One result of the new propaganda and recruitment methods is the emergence of more so-called “lone wolf” actors—such as Jackson, Page, Bissonnette, and Roof. As hateful narratives reach a broader base of vulnerable and marginalized young people, the propagandists are able to mobilize a larger pool of potential terrorists. Much like what was seen in Islamist terror groups, the organized and violent right-wing extremist groups are more than willing to exploit this model of “leaderless resistance”—a concept pushed by neo-Nazi writer James Mason and other white supremacists of attaching yourself stealthily to a movement, but not to any specific group, so as to be violent (i.e., deadly), and inflict unexpected damage, without bringing down other members, and to slip under the radar of law enforcement.
Some of these individuals are galvanized by a vast online space where search engines and social media steer users toward certain materials and curate ideas that only likely reinforce their worldviews. As companies like Facebook and Twitter create algorithms that direct users to materials they typically “like” and consume, the result is the creation of what has been referred to as “echo chambers,” where users (and some politicians) are sometimes drawn down a rabbit hole of conspiracy theories, fake news, manipulated truths, and alternative facts.
The evolution of right-wing extremism is organic—in the sense that movements have grown in tandem with contemporary technologies—but also purposeful, in that movements seek to exploit new avenues for recruitment and mobilization.
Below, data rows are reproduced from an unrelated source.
(* Let $S\subset\mathbb{R}^q$ be compact and $\ell:\mathbb{R}^q\times\mathbb{R}^q\to(0,1)$ continuous. Let $s\in S$ and let $(\xi_k)_{k\in\mathbb{N}}\subset\mathbb{R}^q$ be $n$-periodic (i.e. $\xi_{k+n}=\xi_k$ for all $k$). Let $d_1,d_2,\dots\in\{0,1\}$ be independent random variables with $\Pr(d_k=1)=\ell(s,\xi_k)$. Let $c_1,\dots,c_M\in S$ be distinct, let $\hat p_0:\{1,\dots,M\}\to(0,1)$ with $\sum_i\hat p_0(i)=1$, and define $\hat p_k$ by $$\hat p_k(i\mid d_{1:k};\xi_{1:k})=\frac{g(d_k\mid c_i;\xi_k)\,\hat p_{k-1}(i\mid d_{1:k-1};\xi_{1:k-1})}{\sum_{j=1}^M g(d_k\mid c_j;\xi_k)\,\hat p_{k-1}(j\mid d_{1:k-1};\xi_{1:k-1})},$$ where $g(d\mid x;\xi)=\ell(x,\xi)^d(1-\ell(x,\xi))^{1-d}$. Suppose $c_j=s$ for some $j$, and suppose $$\bigcap_{k=1}^n\{x\in S:\ell(x,\xi_k)=\ell(s,\xi_k)\}=\{s\}.$$ Then $\hat p_k(j\mid d_{1:k};\xi_{1:k})\to 1$ almost surely. *)

theory Defs
  imports "HOL-Analysis.Analysis" "HOL-Probability.Probability"
begin

definition lik :: "('a \<Rightarrow> 'b \<Rightarrow> real) \<Rightarrow> nat \<Rightarrow> 'a \<Rightarrow> 'b \<Rightarrow> real" where
  "lik l d x xi = l x xi ^ d * (1 - l x xi) ^ (1 - d)"

primrec phat :: "('a \<Rightarrow> 'b \<Rightarrow> real) \<Rightarrow> (nat \<Rightarrow> 'a) \<Rightarrow> nat \<Rightarrow> (nat \<Rightarrow> real)
    \<Rightarrow> (nat \<Rightarrow> 'b) \<Rightarrow> (nat \<Rightarrow> nat) \<Rightarrow> nat \<Rightarrow> nat \<Rightarrow> real" where
  "phat l c M p0 xi d 0 i = p0 i"
| "phat l c M p0 xi d (Suc k) i =
     lik l (d (Suc k)) (c i) (xi (Suc k)) * phat l c M p0 xi d k i /
     (\<Sum>j=1..M. lik l (d (Suc k)) (c j) (xi (Suc k)) * phat l c M p0 xi d k j)"

end

theory Submission
  imports Defs "HOL-Real_Asymp.Real_Asymp"
begin

text \<open>
  Bayes' rule puts the posterior in odds form: the posterior of the true candidate \<open>c j = s\<close> is
  \<open>p0 j / (p0 j + \<Sum>i\<noteq>j. p0 i * exp (\<Lambda>\<^sub>k i))\<close>, where \<open>\<Lambda>\<^sub>k i\<close> is the log-likelihood ratio
  of \<open>c i\<close> against \<open>s\<close> after \<open>k\<close> observations. Its increments are independent and bounded, and
  their means are minus Kullback-Leibler divergences of Bernoulli laws: never positive, and by
  identifiability strictly negative at some phase of the period, so the mean of \<open>\<Lambda>\<^sub>k i\<close>
  decreases linearly. Hoeffding's inequality and Borel-Cantelli keep \<open>\<Lambda>\<^sub>k i\<close> below its mean
  plus \<open>\<epsilon> k\<close> eventually, almost surely, hence \<open>\<Lambda>\<^sub>k i \<rightarrow> -\<infinity>\<close> and the posterior tends to 1.
\<close>

lemma gibbs_bernoulli:
  fixes p q :: real
  assumes "0 < p" "p < 1" "0 < q" "q < 1"
  shows "p * (ln q - ln p) + (1 - p) * (ln (1 - q) - ln (1 - p)) \<le> 0"
    and "q \<noteq> p \<Longrightarrow> p * (ln q - ln p) + (1 - p) * (ln (1 - q) - ln (1 - p)) < 0"
proof -
  have eq: "p * (ln q - ln p) + (1 - p) * (ln (1 - q) - ln (1 - p)) =
      p * ln (q / p) + (1 - p) * ln ((1 - q) / (1 - p))"
    using assms by (simp add: ln_div)
  have zero: "p * (q / p - 1) + (1 - p) * ((1 - q) / (1 - p) - 1) = 0"
    using assms by (simp add: field_simps)
  have le1: "p * ln (q / p) \<le> p * (q / p - 1)"
    using assms by (intro mult_left_mono ln_le_minus_one) auto
  have le2: "(1 - p) * ln ((1 - q) / (1 - p)) \<le> (1 - p) * ((1 - q) / (1 - p) - 1)"
    using assms by (intro mult_left_mono ln_le_minus_one) auto
  show "p * (ln q - ln p) + (1 - p) * (ln (1 - q) - ln (1 - p)) \<le> 0"
    using le1 le2 zero unfolding eq by linarith
  assume "q \<noteq> p"
  then have "ln (q / p) \<noteq> q / p - 1"
    using assms ln_eq_minus_one[of "q / p"] by auto
  then have "p * ln (q / p) < p * (q / p - 1)"
    using assms ln_le_minus_one[of "q / p"] by (intro mult_strict_left_mono) auto
  then show "p * (ln q - ln p) + (1 - p) * (ln (1 - q) - ln (1 - p)) < 0"
    using le2 zero unfolding eq by linarith
qed

lemma periodic_add_mult:
  fixes f :: "nat \<Rightarrow> 'a"
  assumes "\<And>k. f (k + n) = f k"
  shows "f (m + t * n) = f m"
proof (induction t)
  case (Suc t)
  have "m + Suc t * n = (m + t * n) + n" by simp
  then show ?case using assms Suc.IH by metis
qed simp

lemma periodic_mod:
  fixes f :: "nat \<Rightarrow> 'a"
  assumes "\<And>k. f (k + n) = f k"
  shows "f m = f (m mod n)"
  using periodic_add_mult[of f n "m mod n" "m div n", OF assms] by simp

lemma sum_periodic_nonpos_le:
  fixes g :: "nat \<Rightarrow> real"
  assumes per: "\<And>m. g (m + n) = g m" and nonpos: "\<And>m. g m \<le> 0" and k0: "k0 \<in> {1..n}"
  shows "(\<Sum>m=1..k. g m) \<le> real (k div n) * g k0"
proof -
  define h where "h t = k0 + t * n" for t
  have inj: "inj_on h {..<k div n}"
    using k0 by (auto simp: h_def inj_on_def)
  have sub: "h ` {..<k div n} \<subseteq> {1..k}"
  proof
    fix m assume "m \<in> h ` {..<k div n}"
    then obtain t where t: "t < k div n" "m = k0 + t * n" unfolding h_def by auto
    have "k0 + t * n \<le> Suc t * n" using k0 by auto
    also have "\<dots> \<le> k div n * n" using t by (intro mult_right_mono) auto
    also have "\<dots> \<le> k" by (metis div_mult_mod_eq le_add1)
    finally show "m \<in> {1..k}" using t k0 by auto
  qed
  have "(\<Sum>t<k div n. - g (h t)) = (\<Sum>m\<in>h ` {..<k div n}. - g m)"
    by (rule sum.reindex[OF inj, unfolded comp_def, symmetric])
  also have "\<dots> \<le> (\<Sum>m=1..k. - g m)"
    using sub nonpos by (intro sum_mono2) auto
  finally show ?thesis
    using periodic_add_mult[of g n, OF per] by (simp add: h_def sum_negf)
qed
lemma (in prob_space) gibbs_sample_mean_lower_tail:
  fixes \<xi> :: "nat \<Rightarrow> 'a \<Rightarrow> real^'d" and f :: "real^'d \<Rightarrow> real"
  assumes gauss: "\<And>i. distributed M lborel (\<xi> i) (\<lambda>z. ennreal (gauss_density 1 0 z))"
    and indep: "indep_vars (\<lambda>_. borel) \<xi> {..<n}" and n: "0 < n"
    and lam: "0 < lam" and del: "0 < del"
    and f_meas [measurable]: "f \<in> borel_measurable borel" and flow: "\<And>y. flow \<le> f y"
    and eps: "\<epsilon> \<le> Z" and Z_le: "Z \<le> Zbar lam del f x"
  shows "prob {\<omega> \<in> space M.
      1 / real n * (\<Sum>i<n. exp (- f (x + sqrt (lam * del) *\<^sub>R \<xi> i \<omega>) / del)) < \<epsilon>}
    \<le> exp (- 2 * real n * (Z - \<epsilon>)\<^sup>2 / (exp (- flow / del))\<^sup>2)"
proof -
  define g where "g v = exp (- f (x + sqrt (lam * del) *\<^sub>R v) / del)" for v
  have [measurable]: "g \<in> borel_measurable borel"
    unfolding g_def by measurable
  have "indep_vars (\<lambda>_. borel) (\<lambda>i \<omega>. g (\<xi> i \<omega>)) {..<n}"
    by (rule indep_vars_compose2[OF indep]) measurable
  moreover have "g v \<in> {0 .. exp (- flow / del)}" for v
    using flow[of "x + sqrt (lam * del) *\<^sub>R v"] del by (simp add: g_def divide_right_mono)
  moreover have "Zbar lam del f x = expectation (\<lambda>\<omega>. g (\<xi> i \<omega>))" for i
  proof -
    have "Zbar lam del f x = (\<integral>z. gauss_density 1 0 z * g z \<partial>lborel)"
      using Zbar_eq_std_gauss_integral[OF _ f_meas] lam del by (simp add: g_def)
    also have "\<dots> = expectation (\<lambda>\<omega>. g (\<xi> i \<omega>))"
      by (rule distributed_integral[OF gauss]) (simp_all add: gauss_density_nonneg)
    finally show ?thesis .
  qed
  ultimately show ?thesis
    using sample_mean_lower_tail[of "\<lambda>i \<omega>. g (\<xi> i \<omega>)" n 0 "exp (- flow / del)" Z \<epsilon>] n eps Z_le
    by (simp add: g_def)
qed
lemma cfree_moment_nths:
  assumes hC: "is_cfree_cumulants \<theta> r2 r1" and W: "W \<subseteq> {0..<length as}" "W \<noteq> {}"
  shows "\<theta> (prod_list (nths as W)) = (\<Sum>\<sigma>\<in>NC_on W. nested_boolean r1 r2 \<sigma> as)"
proof -
  have fin: "finite W" using W(1) finite_subset by blast
  have len: "length (nths as W) = card W" using length_nths_subset[OF W(1)] .
  then have "nths as W \<noteq> []" using fin W(2) by auto
  then have "\<theta> (prod_list (nths as W)) = (\<Sum>\<sigma>\<in>NC_on {0..<card W}. nested_boolean r1 r2 \<sigma> (nths as W))"
    using hC len by (simp add: is_cfree_cumulants_def nested_boolean_def NC_eq_NC_on)
  also have "\<dots> = (\<Sum>\<sigma>\<in>NC_on W. nested_boolean r1 r2 \<sigma> as)"
    by (rule sum_nested_boolean_rank_in[OF fin NC_on_image]) (simp_all add: NC_on_def)
  finally show ?thesis .
qed

lemma boolean_moment_nths:
  assumes hB: "is_boolean_cumulants \<theta> \<beta>" and W: "W \<subseteq> {0..<length as}" "W \<noteq> {}"
  shows "\<theta> (prod_list (nths as W)) = (\<Sum>\<sigma>\<in>interval_partitions W. \<Prod>V\<in>\<sigma>. restr \<beta> V as)"
proof -
  have fin: "finite W" using W(1) finite_subset by blast
  have len: "length (nths as W) = card W" using length_nths_subset[OF W(1)] .
  have fin_part: "finite \<sigma>" if "\<sigma> \<in> interval_partitions X" "finite X" for \<sigma> X
    using finite_elements that by (auto simp: interval_partitions_def)
  have "nths as W \<noteq> []" using len fin W(2) by auto
  then have "\<theta> (prod_list (nths as W)) =
      (\<Sum>\<sigma>\<in>interval_partitions {0..<card W}. \<Prod>V\<in>\<sigma>. restr \<beta> V (nths as W))"
    using hB len by (simp add: is_boolean_cumulants_def Int_part_eq_interval_partitions)
  also have "\<dots> = (\<Sum>\<sigma>\<in>interval_partitions {0..<card W}. nested_boolean \<beta> \<beta> \<sigma> (nths as W))"
    using fin_part by (simp add: nested_boolean_same)
  also have "\<dots> = (\<Sum>\<sigma>\<in>interval_partitions W. nested_boolean \<beta> \<beta> \<sigma> as)"
    by (rule sum_nested_boolean_rank_in[OF fin interval_partitions_image])
      (simp_all add: interval_partitions_def)
  also have "\<dots> = (\<Sum>\<sigma>\<in>interval_partitions W. \<Prod>V\<in>\<sigma>. restr \<beta> V as)"
    using fin_part fin by (simp add: nested_boolean_same)
  finally show ?thesis .
qed

lemma cfree_moment_nths_interval:
  assumes hC: "is_cfree_cumulants \<theta> r2 r1" and W: "W \<subseteq> {0..<length as}" "W \<noteq> {}"
  shows "\<theta> (prod_list (nths as W)) =
    (\<Sum>\<sigma>\<in>interval_partitions W. \<Prod>V\<in>\<sigma>. \<Sum>\<tau>\<in>irreducible_NC V. nested_boolean r1 r2 \<tau> as)"
proof -
  have fin: "finite W" using W(1) finite_subset by blast
  have "\<theta> (prod_list (nths as W)) =
      (\<Sum>\<sigma>\<in>interval_partitions W. \<Sum>\<rho>\<in>{\<rho>\<in>NC_on W. irr_refines \<rho> \<sigma>}. nested_boolean r1 r2 \<rho> as)"
    using cfree_moment_nths[OF assms] sum_NC_on_group_interval[OF fin] by simp
  also have "\<dots> = (\<Sum>\<sigma>\<in>interval_partitions W. \<Prod>V\<in>\<sigma>. \<Sum>\<tau>\<in>irreducible_NC V. nested_boolean r1 r2 \<tau> as)"
  proof (rule sum.cong[OF refl])
    fix \<sigma> assume \<sigma>: "\<sigma> \<in> interval_partitions W"
    have "\<sigma> \<in> NC_on W" using \<sigma> interval_partitions_subset_NC_on by blast
    then show "(\<Sum>\<rho>\<in>{\<rho>\<in>NC_on W. irr_refines \<rho> \<sigma>}. nested_boolean r1 r2 \<rho> as) =
        (\<Prod>V\<in>\<sigma>. \<Sum>\<tau>\<in>irreducible_NC V. nested_boolean r1 r2 \<tau> as)"
      using sum_irr_refines_factor[OF fin \<open>\<sigma> \<in> NC_on W\<close>, of r1 r2 as]
        OB_interval_partition[OF fin \<sigma>] IB_interval_partition[OF fin \<sigma>] by simp
  qed
  finally show ?thesis .
qed

text \<open>The Boolean and the regrouped c-free moment-cumulant formulas for a block W agree term by term
  on every interval partition other than {W}, by induction; hence they agree on {W} as well.\<close>

lemma boolean_cumulant_eq_sum_irreducible:
  assumes hB: "is_boolean_cumulants \<theta> \<beta>" and hC: "is_cfree_cumulants \<theta> r2 r1"
  shows "W \<subseteq> {0..<length as} \<Longrightarrow> W \<noteq> {} \<Longrightarrow>
    restr \<beta> W as = (\<Sum>\<tau>\<in>irreducible_NC W. nested_boolean r1 r2 \<tau> as)"
proof (induction W rule: measure_induct_rule[where f = card])
  case (less W)
  have fin: "finite W" using less.prems(1) finite_subset by blast
  let ?S = "\<lambda>V. \<Sum>\<tau>\<in>irreducible_NC V. nested_boolean r1 r2 \<tau> as"
  have single: "{W} \<in> interval_partitions W"
    using less.prems(2) by (simp add: interval_partitions_def partition_on_space convex_in_def)
  have finI: "finite (interval_partitions W)" using finite_interval_partitions[OF fin] .
  have "(\<Sum>\<sigma>\<in>interval_partitions W - {{W}}. \<Prod>V\<in>\<sigma>. restr \<beta> V as) =
      (\<Sum>\<sigma>\<in>interval_partitions W - {{W}}. \<Prod>V\<in>\<sigma>. ?S V)"
  proof (intro sum.cong refl prod.cong)
    fix \<sigma> V assume \<sigma>: "\<sigma> \<in> interval_partitions W - {{W}}" and V: "V \<in> \<sigma>"
    have p: "partition_on W \<sigma>" using \<sigma> by (simp add: interval_partitions_def)
    have "V \<noteq> W" using partition_on_ground_block[OF p] V \<sigma> by blast
    then have "card V < card W"
      using partition_on_block_subset[OF p V] fin by (simp add: psubset_card_mono)
    then show "restr \<beta> V as = ?S V"
      using less.IH partition_on_block_subset[OF p V] partition_on_block_nonempty[OF p V] less.prems(1)
      by blast
  qed
  moreover have "(\<Sum>\<sigma>\<in>interval_partitions W. \<Prod>V\<in>\<sigma>. restr \<beta> V as) =
      (\<Sum>\<sigma>\<in>interval_partitions W. \<Prod>V\<in>\<sigma>. ?S V)"
    using boolean_moment_nths[OF hB less.prems] cfree_moment_nths_interval[OF hC less.prems] by simp
  ultimately have "(\<Prod>V\<in>{W}. restr \<beta> V as) = (\<Prod>V\<in>{W}. ?S V)"
    by (simp only: sum.remove[OF finI single] add_right_cancel)
  then show ?case by simp
qed
lemma sum_g_ins_right:
    "(\<Sum>p\<in>Sigma {1..<n} (\<lambda>k. ins_pos (n - k)). g_ins_right p)
    = - (\<Sum>p\<in>lam_ins_right_idx. g_lam_ins p)"
proof -
  have "(\<Sum>p\<in>Sigma {1..<n} (\<lambda>k. ins_pos (n - k)). g_ins_right p)
      = (\<Sum>p\<in>lam_ins_right_idx. - g_lam_ins p)"
  proof (rule sum.reindex_bij_witness[where j="\<lambda>(k, (r, s)). ((k + r, s), k)" and i="\<lambda>((r, s), k'). (k', (r - k', s))"])
    fix a assume "a \<in> Sigma {1..<n} (\<lambda>k. ins_pos (n - k))"
    then obtain k r s where a: "a = (k, (r, s))" "1 \<le> k" "k < n" "1 \<le> s" "r + s \<le> n - k"
      unfolding ins_pos_def by auto
    show "(case case a of (k, r, s) \<Rightarrow> ((k + r, s), k) of (x, xa) \<Rightarrow> (case x of (r, s) \<Rightarrow> \<lambda>k'. (k', r - k', s)) xa) = a"
      using a by simp
    show "(case a of (k, r, s) \<Rightarrow> ((k + r, s), k)) \<in> lam_ins_right_idx"
      using a unfolding lam_ins_right_idx_def ins_pos_def by auto
    show "- g_lam_ins (case a of (k, r, s) \<Rightarrow> ((k + r, s), k)) = g_ins_right a"
    proof -
      have s1: "sum_list (take k (ins_degs (k + r) s ds)) = sum_list (take k ds)"
        using ins_degs_take2[of k "k + r" ds s] a len by simp
      have s2: "sum_list (take (k + r) ds) = sum_list (take k ds) + sum_list (take r (drop k ds))"
        by (rule sum_take_add)
      have sg: "(psign (lam_sign n k ds) * psign (sum_list (take k ds) + 1 - int k) * psign (ins_sign (n - k) r s (drop k ds)) :: 'k)
         = - (psign (ins_sign n (k + r) s ds) * psign
           (lam_sign (n - s + 1) k (ins_degs (k + r) s ds)))"
        unfolding lam_sign_def ins_sign_def s1 s2
          using sign_ins_right[of k n r s "sum_list (take k ds)" "sum_list (take r (drop k ds))"] a
        by (simp add: diff_diff_add)
      have g1: "g_ins_right (k, (r, s))
        = sc (psign (lam_sign n k ds) * psign (sum_list (take k ds) + 1 - int k) * psign (ins_sign (n - k) r s (drop k ds))) (lam_term k (ins_degs (k + r) s ds) (ins_elems m_tr (k + r) s ds xs))"
        unfolding g_ins_right_def by (simp only: prod.case)
      have g2: "g_lam_ins ((k + r, s), k)
        = sc (psign (ins_sign n (k + r) s ds) * psign
        (lam_sign (n - s + 1) k (ins_degs (k + r) s ds)))
        (lam_term k (ins_degs (k + r) s ds) (ins_elems m_tr (k + r) s ds xs))"
        unfolding g_lam_ins_def by (simp only: prod.case)
      show ?thesis unfolding a(1) prod.case g1 g2 sg scale_minus_left by (rule refl)
    qed
  next
    fix b assume "b \<in> lam_ins_right_idx"
    then obtain r s k' where b: "b = ((r, s), k')" "1 \<le> s" "r + s \<le> n" "1 \<le> k'" "k' < n - s + 1"
      "k' \<le> r"
      unfolding lam_ins_right_idx_def ins_pos_def by auto
    show "(case case b of (x, xa) \<Rightarrow> (case x of (r, s) \<Rightarrow> \<lambda>k'. (k', r - k', s)) xa of (k, r, s) \<Rightarrow> ((k + r, s), k)) = b"
      using b by simp
    show "(case b of (x, xa) \<Rightarrow> (case x of (r, s) \<Rightarrow> \<lambda>k'. (k', r - k', s)) xa) \<in> Sigma {1..<n} (\<lambda>k. ins_pos (n - k))"
      using b unfolding ins_pos_def by auto
  qed
  also have "\<dots> = - (\<Sum>p\<in>lam_ins_right_idx. g_lam_ins p)" by (simp add: sum_negf)
  finally show ?thesis .
qed

lemma sum_t_ins_right: "(\<Sum>k\<in>{1..<n}. t_ins_right k) = - (\<Sum>p\<in>lam_ins_right_idx. g_lam_ins p)"
proof -
  have "(\<Sum>k\<in>{1..<n}. t_ins_right k) = (\<Sum>k\<in>{1..<n}. \<Sum>rs\<in>ins_pos (n - k). g_ins_right (k, rs))"
    by (rule sum.cong) (simp_all add: t_ins_right_eq)
  then show ?thesis using sum.Sigma[of "{1..<n}" "\<lambda>k. ins_pos (n - k)"
      "\<lambda>k rs. g_ins_right (k, rs)"] ins_pos_finite sum_g_ins_right by (simp add: case_prod_beta')
qed

lemma t_lam_left_eq:
  assumes K: "K \<in> {1..<n}"
  shows "t_lam_left K = (\<Sum>J\<in>{1..<K}. g_lam_left (K, J))"
proof -
  have yA: "f_tr (n - K) (drop K ds) (drop K xs) \<in> A (sum_list (drop K ds) + 1 - int (n - K))"
    by (rule f_tr_A[OF homog_drop[OF hom]]) (use K len in auto)
  have lX: "length (take K ds) = K" using K len by simp
  show ?thesis
    unfolding t_lam_left_def g_lam_left_def lam_eq_sum_lam_term[OF lX] prod.case
    by (subst linear_on_sum_scale[OF mu_linear_left[OF yA] A_subspace])
      (use lam_term_A[OF homog_take[OF hom] lX] in \<open>simp_all add: scale_sum_right\<close>)
qed

lemma t_lam_right_eq:
  assumes k: "k \<in> {1..<n}"
  shows "t_lam_right k = (\<Sum>j\<in>{1..<n - k}. g_lam_right (k, j))"
proof -
  have xA: "f_tr k (take k ds) (take k xs) \<in> A (sum_list (take k ds) + 1 - int k)"
    by (rule f_tr_A[OF homog_take[OF hom]]) (use k len in auto)
  have lY: "length (drop k ds) = n - k" using k len by simp
  show ?thesis
    unfolding t_lam_right_def g_lam_right_def lam_eq_sum_lam_term[OF lY] prod.case
    by (subst linear_on_sum_scale[OF mu_linear_right[OF xA] A_subspace])
      (use lam_term_A[OF homog_drop[OF hom] lY] in \<open>simp_all add: scale_sum_right mult.assoc\<close>)
qed

lemma g_lam_right_eq:
  assumes a: "1 \<le> k" "1 \<le> j" "k + j < n"
  shows "g_lam_right (k, j) = - g_lam_left (k + j, k)"
proof -
  let ?x = "f_tr k (take k ds) (take k xs)"
  let ?y = "f_tr j (take j (drop k ds)) (take j (drop k xs))"
  let ?z = "f_tr (n - (k + j)) (drop (k + j) ds) (drop (k + j) xs)"
  let ?al = "sum_list (take k ds) + 1 - int k"
  let ?be = "sum_list (take j (drop k ds)) + 1 - int j"
  let ?ga = "sum_list (drop (k + j) ds) + 1 - int (n - (k + j))"
  have lx: "length (take k ds) = k" "1 \<le> k" using a len by auto
  have ly: "length (take j (drop k ds)) = j" "1 \<le> j" using a len by auto
  have lz: "length (drop (k + j) ds) = n - (k + j)" "1 \<le> n - (k + j)" using a len by auto
  have xA: "?x \<in> A ?al" by (rule f_tr_A[OF homog_take[OF hom] lx])
  have yA: "?y \<in> A ?be" by (rule f_tr_A[OF homog_take[OF homog_drop[OF hom]] ly])
  have zA: "?z \<in> A ?ga" by (rule f_tr_A[OF homog_drop[OF hom] lz])
  have as: "mu (?al + ?be) ?ga (mu ?al ?be ?x ?y) ?z = mu ?al (?be + ?ga) ?x (mu ?be ?ga ?y ?z)"
    by (rule mu_assoc[OF xA yA zA])
  have e1: "take k (take (k + j) ds) = take k ds" "drop k (take (k + j) ds) = take j (drop k ds)"
    "take k (take (k + j) xs) = take k xs" "drop k (take (k + j) xs) = take j (drop k xs)"
    "length (take (k + j) ds) - k = j" using a len by (auto simp: drop_take min_def)
  have mu1: "lam_term k (take (k + j) ds) (take (k + j) xs) = mu ?al ?be ?x ?y"
    unfolding lam_term_def e1 by simp
  have e2: "drop j (drop k ds) = drop (k + j) ds" "drop j (drop k xs) = drop (k + j) xs"
    "length (drop k ds) - j = n - (k + j)" using a len by (auto simp: add.commute)
  have mu2: "lam_term j (drop k ds) (drop k xs) = mu ?be ?ga ?y ?z"
    unfolding lam_term_def e2 by simp
  have d1: "sum_list (take (k + j) ds) + 2 - int (k + j) = ?al + ?be" using sum_take_add[of k j ds]
      by simp
  have d2: "sum_list (drop k ds) + 2 - int (n - k) = ?be + ?ga"
    using sum_take_drop[of "drop k ds" j] e2 a by (simp add: of_nat_diff)
  have sg: "(psign (lam_sign n (k + j) ds) * psign (lam_sign (k + j) k (take (k + j) ds)) :: 'k)
    = - (psign (lam_sign n k ds) * psign (sum_list (take k ds) + 1 - int k) * psign
      (lam_sign (n - k) j (drop k ds)))"
    unfolding lam_sign_def e1(1) sum_take_add
      using sign_assoc[of k j n "sum_list (take k ds)" "sum_list (take j (drop k ds))"] a
    by simp
  have g4: "g_lam_left (k + j, k)
      = sc (psign (lam_sign n (k + j) ds) * psign (lam_sign (k + j) k (take (k + j) ds)))
      (mu (?al + ?be) ?ga (mu ?al ?be ?x ?y) ?z)"
    unfolding g_lam_left_def prod.case mu1 d1 by simp
  have g5: "g_lam_right (k, j)
      = sc (psign (lam_sign n k ds) * psign (sum_list (take k ds) + 1 - int k) * psign
      (lam_sign (n - k) j (drop k ds)))
      (mu ?al (?be + ?ga) ?x (mu ?be ?ga ?y ?z))"
    unfolding g_lam_right_def prod.case mu2 d2 by simp
  show ?thesis unfolding g4 g5 sg as scale_minus_left by simp
qed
This evolution’s potentially most dangerous outgrowth is the idea that what was easily identified is now more invisible, since the ugly imagery of the old days has given way to a more normalized and less-edgy appearance. The result is that far right-wing extremism has not only grown significantly but has also become far less predictable and more difficult to monitor—especially in terms of its propensity for committing acts of terrorism and how the multitudes of terabytes of toxic propaganda litter every corner of the internet—from the far reaches of the dark web to hidden within your children’s YouTube videos about Minecraft and communicated over their headsets when multiplayer gaming on their gaming console. These realities underscore the challenges we face in our ongoing and determined effort to prevent violent extremism in all its manifestations.
And don’t get me started on how white-supremacist recruiters from Russia and Eastern Europe have recently been strategically infiltrating online safe zones dedicated to getting support for autism spectrum disorder, Asperger’s syndrome/HFA, and depression, as well as multiplayer gaming forums—just looking for the next vulnerable, marginalized person to manipulate and create a weapon out of … because we’d be here all day.
I urge you to become more aware of the threat that these far-right extremist groups pose. They are, at the same time, the brutal Nazis our grandparents fought and beat, and a Silicon Valley metastasis of that cancer being incubated by disinformation on social media and real-life uncertainty. They are savvy, always shapeshifting, polishing their recruitment tactics, and trying to seek out our most vulnerable to infect. This is the new “Stranger Danger” that we need to discuss with our children.
It’s time for adults to be more vulnerable and open with our children. We are not superheroes. Perhaps, when we realize that, our children will learn to be more vulnerable and open with us when we need them to be.